When to Silo and When NOT to Silo
Siloing has become a bit of a buzz word, and people think they need to silo their 10 page micro niche sites. :) You don't. Not even close. You rarely need to even silo a site with 50-75 pages.
In the shaving niche for example, you could silo braun, panasonic and philips shavers, then you could further silo down into braun series 3000, series 5000, series 7000 and series 9000. I don't believe this gives you an advantage. In fact, I think it limits you. Since the Hummingbird update Google has been very good at determining relations between topics. They know that 'best electric shaver' is the same thing as 'top electric shaver' and very similar to 'electric shaver reviews'.
You want internal links between pages that are only slightly similar. You want links between your beard trimmer page and your braun reviews page. It helps to build a big picture about your site through the internal anchors and content. You don't want to limit yourself to only linking between braun shavers, and philips shavers.
Now, things change when you have very different niches on your site. If you expand your shaving site to include all mens products and have a new section about anti aging cream for men, then you don't really want to be interlinking between shavers and creams.
There is SOME topical relevance between them though, and with siloing you do link from 1 category page to another.
Let me draw you a couple of site architecture plans to elucidate my thoughts on siloing.
Mens Shaving Site - NO siloing
I have not shown any interlinking here, because you want to be linking off anywhere from anywhere. We're only concerned with site structure, not siloing. So link from your shaving oil vs creams article to a philips at941 review, or to a panasonic shavers page, or to a how to trim your beard. Use varying anchor text like "Speaking of oils, if you have a beard then find out <a href="blah"> why beard oil is amazing</a>.
What's important here is just the logical structure of the site.
I would have the best electric shavers, beard beard trimmers etc as links in my main bar with dropdowns for the others.
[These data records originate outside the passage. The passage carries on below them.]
lemma nu_tree_inter_Union_strips:
  assumes D1: "D1 \<subseteq> strips" "disjoint D1" and T: "T \<in> trees"
  shows "nu (T \<inter> \<Union>D1) = (\<Sum>\<^sub>\<infinity>D\<in>D1. nu (T \<inter> D))"
proof -
  define J where "J = {D\<in>D1. T \<inter> D \<noteq> {}}"
  have pieces: "(\<lambda>D. T \<inter> D) ` J \<subseteq> trees"
  proof
    fix X assume "X \<in> (\<lambda>D. T \<inter> D) ` J"
    then obtain D where D: "D \<in> D1" "T \<inter> D \<noteq> {}" "X = T \<inter> D"
      unfolding J_def by blast
    obtain m l n where "T = tree m l n" using T unfolding trees_def by blast
    moreover obtain M L where "D = strip M L" using D(1) D1(1) unfolding strips_def by blast
    ultimately show "X \<in> trees" using D tree_inter_strip_empty_or_tree by metis
  qed
  have disj: "D \<inter> D' = {}" if "D \<in> D1" "D' \<in> D1" "D \<noteq> D'" for D D'
    using D1(2) that unfolding disjoint_def by blast
  then have inj: "inj_on (\<lambda>D. T \<inter> D) J"
    unfolding J_def by (intro inj_onI) blast
  have "disjoint ((\<lambda>D. T \<inter> D) ` J)"
    using disj unfolding disjoint_def J_def by blast
  moreover have "\<Union>((\<lambda>D. T \<inter> D) ` J) = T \<inter> \<Union>D1"
    unfolding J_def by blast
  ultimately have "nu (T \<inter> \<Union>D1) = (\<Sum>\<^sub>\<infinity>X\<in>(\<lambda>D. T \<inter> D) ` J. nu X)"
    using nu_Union_disjoint_trees[OF pieces] infsum_nu_trees[OF pieces] by simp
  also have "\<dots> = (\<Sum>\<^sub>\<infinity>D\<in>J. nu (T \<inter> D))"
    using infsum_reindex[OF inj] by (simp add: comp_def)
  also have "\<dots> = (\<Sum>\<^sub>\<infinity>D\<in>D1. nu (T \<inter> D))"
    by (rule infsum_cong_neutral) (auto simp: J_def nu_empty)
  finally show ?thesis .
qed
lemma isCont_capped_riesz: "0 < m \<Longrightarrow> isCont (capped_riesz m) (z :: 'a::euclidean_space)"
proof -
  assume "0 < m"
  then have "0 < max (1/m) (norm z ^ DIM('a))" by (simp add: less_max_iff_disj)
  then show ?thesis unfolding capped_riesz_def by (intro continuous_intros) auto
qed

lemma borel_measurable_capped_riesz [measurable]: "capped_riesz m \<in> borel_measurable borel"
  unfolding capped_riesz_def by measurable

lemmas borel_measurable_ident_lebesgue_on [measurable] =
  id_borel_measurable_lebesgue_on[unfolded id_def]

lemma integrable_capped_riesz:
  assumes "S \<in> lmeasurable" "0 < m"
  shows "integrable (lebesgue_on S) (\<lambda>y. capped_riesz m (x - y))"
proof -
  have "(\<lambda>y. capped_riesz m (x - y)) \<in> borel_measurable (lebesgue_on S)" by measurable
  then show ?thesis
    using assms abs_capped_riesz_le
    by (intro finite_measure.integrable_const_bound[OF finite_measure_lebesgue_on, where B=m] AE_I2)
      auto
qed

lemma disjoint_balls_along_ray:
  fixes x e :: "'a::real_normed_vector"
  assumes "norm e = 1" "(1 + \<delta>) * t' \<le> (1 - \<delta>) * t"
  shows "ball (x - t *\<^sub>R e) (\<delta> * t) \<inter> ball (x - t' *\<^sub>R e) (\<delta> * t') = {}"
proof (rule ccontr)
  assume "ball (x - t *\<^sub>R e) (\<delta> * t) \<inter> ball (x - t' *\<^sub>R e) (\<delta> * t') \<noteq> {}"
  then obtain y where y: "dist (x - t *\<^sub>R e) y < \<delta> * t" "dist (x - t' *\<^sub>R e) y < \<delta> * t'"
    by auto
  have "t - t' \<le> dist (x - t *\<^sub>R e) (x - t' *\<^sub>R e)"
    using assms(1) by (simp add: dist_norm flip: scaleR_diff_left)
  also have "\<dots> \<le> dist (x - t *\<^sub>R e) y + dist (x - t' *\<^sub>R e) y" by (rule dist_triangle2)
  finally show False using y assms(2) by (simp add: algebra_simps)
qed

lemma capped_riesz_ge_on_ball_along_ray:
  fixes x y e :: "'a::euclidean_space"
  assumes "norm e = 1" "0 < t" "0 \<le> \<delta>" "y \<in> ball (x - t *\<^sub>R e) (\<delta> * t)"
    and "1 / ((1 + \<delta>) * t) ^ DIM('a) \<le> m"
  shows "1 / ((1 + \<delta>) * t) ^ DIM('a) \<le> capped_riesz m (x - y)"
proof (rule capped_riesz_ge)
  have "norm (x - y) \<le> dist x (x - t *\<^sub>R e) + dist (x - t *\<^sub>R e) y"
    by (metis dist_norm dist_triangle)
  also have "\<dots> \<le> (1 + \<delta>) * t" using assms by (simp add: dist_norm algebra_simps)
  finally show "norm (x - y) \<le> (1 + \<delta>) * t" .
qed (use assms in auto)
theorem mainTheorem5:
  fixes R P S :: "'a::euclidean_space set" and m :: "'a \<Rightarrow> real" and lam :: "'a \<times> 'a"
  assumes "root_system R" and "positive_system R P S" and "multiplicity R m"
    and "\<forall>\<alpha>\<in>R. snd lam \<bullet> \<alpha> \<noteq> 0"
  shows "b_fun R P S m lam =
    (1 / 2 ^ DIM('a)) * cstar_tilde P m (- rho P m, 0) / c_tilde P m (rho P m, 0) *
    (\<Prod>\<beta>\<in>pos_star R P.
        cos (of_real pi * (lcoord lam \<beta> - of_real (m (half \<beta>) / 4))) /
        (cos (of_real pi * lcoord lam \<beta>) * sin (of_real pi * lcoord lam \<beta>))) *
    (\<Prod>\<beta>\<in>pos_star R P - beta_of R ` S.
        sin (of_real pi * (lcoord lam \<beta> - of_real (rho_tilde m \<beta>))))"
proof -
  have Im_nonzero: "\<forall>\<alpha>\<in>R. Im (lcoord lam \<alpha>) \<noteq> 0"
    using assms(1,4) unfolding root_system_def by (intro Im_lcoord_nonzero) auto
  define C where "C = (1 / 2 ^ DIM('a)) * cstar_tilde P m (- rho P m, 0) / c_tilde P m (rho P m, 0)"
  have "b_fun R P S m lam = (1 / 2 ^ DIM('a)) * (c_fun P m (- lam) / cstar_fun P m (- lam)) *
      (\<Prod>s\<in>S. 1 / sin_factor m (beta_of R s) lam)"
    unfolding b_fun_def sin_factor_def by simp
  also have "\<dots> = C * (\<Prod>\<alpha>\<in>P. c_quot m \<alpha> lam) * (\<Prod>s\<in>S. 1 / sin_factor m (beta_of R s) lam)"
    unfolding c_fun_quotient C_def by (simp add: field_simps)
  also have "\<dots> = C * (\<Prod>\<beta>\<in>pos_star R P. cos_factor m \<beta> lam) *
      ((\<Prod>\<beta>\<in>pos_star R P. sin_factor m \<beta> lam) * (\<Prod>s\<in>S. 1 / sin_factor m (beta_of R s) lam))"
    unfolding prod_c_quot_positive[OF assms(1-3) Im_nonzero] by (simp add: mult.assoc)
  also have "\<dots> = C * (\<Prod>\<beta>\<in>pos_star R P. cos_factor m \<beta> lam) *
      (\<Prod>\<beta>\<in>pos_star R P - beta_of R ` S. sin_factor m \<beta> lam)"
    unfolding simple_root_factors_cancel[OF assms(1,2) Im_nonzero] ..
  finally show ?thesis unfolding C_def cos_factor_def sin_factor_def .
qed

end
If I had 3 levels, I would only use a dropdown menu for 2 levels btw.
On my Best Electric Shavers page, I would have a custom wordpress menu over to the right with a heading like "Shaving Articles"
Then in my Best Beard Trimmer page I would have the same but title the menu "Beard Maintenance Tips", or something like that.
For the brand ones, it would be "Braun Reviews"
What if we wanted to actually silo this example?
Now, if this were actual siloing, I would only link blue to blue, or blue to purple, or blue to homepage, green to green, green to purple, green to homepage and so on.
In strict siloing, children can only link to parents, grandparents, uncles, great uncles, and of course brothers. Never to cousins.
Ie, if we "shaving oils vs creams" was a category page, with another 5 sub-topic articles under it, those articles could link to each other, to the parent "shaving oils", to the grandparent "best electric shavers", and to the great grandparent "mens shaving site", and to uncles "choosing shaving cream", great uncles, "best beard trimmers", but "how to trim your beard" would be a cousin once removed :)
Look at this
You are "self". So self can link to ANY parent, ie, grand parent, great grandparent and it can link to ANY uncle, great uncle and so on. It can't link to a cousin.
So let's say the self on that links to "great great grand parent". They are a DIRECT descendent, ie, strongly related. The great great uncle, is the brother of the great great grandparent, so they're also very related to them, thus are ok for you to link to, BUT, their child isn't close enough in the "bloodline" for you to link too. Ie, not relevant enough.
But, we don't!
We don't want to silo here, instead we do want to go link crazy. Link everywhere and anywhere wherever it naturally works in the article. Internal linking is POWERFUL. It moves juice about your site, and it builds relevance.
Mens Luxury Products Site - We silo here
Here's an example of the type of site where you would want to silo.
The way I would structure this is on the main menu of the homepage we have "Shaving", "Anti-Aging" and "Dental" with dropdowns 1 level below, ie, to best beard trimmers, braun shavers and so on.
If you click on 'shaving' you'll have the same menu you would have had on the shaving only site. Same idea. Drop down to 1 level.
If you click on Anti-aging, you'll get a menu with 'best anti aging creams', 'anti aging foods' etc.
Now, inside each dark orange section, I don't recommend following siloing rules. Structure the site the way I discussed above, BUT, link around everywhere inside the dark orange. So any anti-aging page, links to any other anti-aging page, BUT, "best anti aging creams" only links to "Shaving" or "Dental", it doesn't link to "best beard trimmers", and definitely not to "how to trim your beard".
By doing this you build up tight, focused topical relevance for "shaving", "anti-aging" and "dental". You do not need to build up tight relevance for "beard trimmers", separately from "electric shavers" though. That's just too extreme and I think actually harmful.
Also, if a case arises inside your braun review, where you feel it's natural to link to an anti aging product. Just do it. Don't stress over siloing. You don't want all your anti aging articles linking off all over the shop to dental and shaving, but the occasional article linking to a dental or shaving article, where it's appropriate, is natural and fine.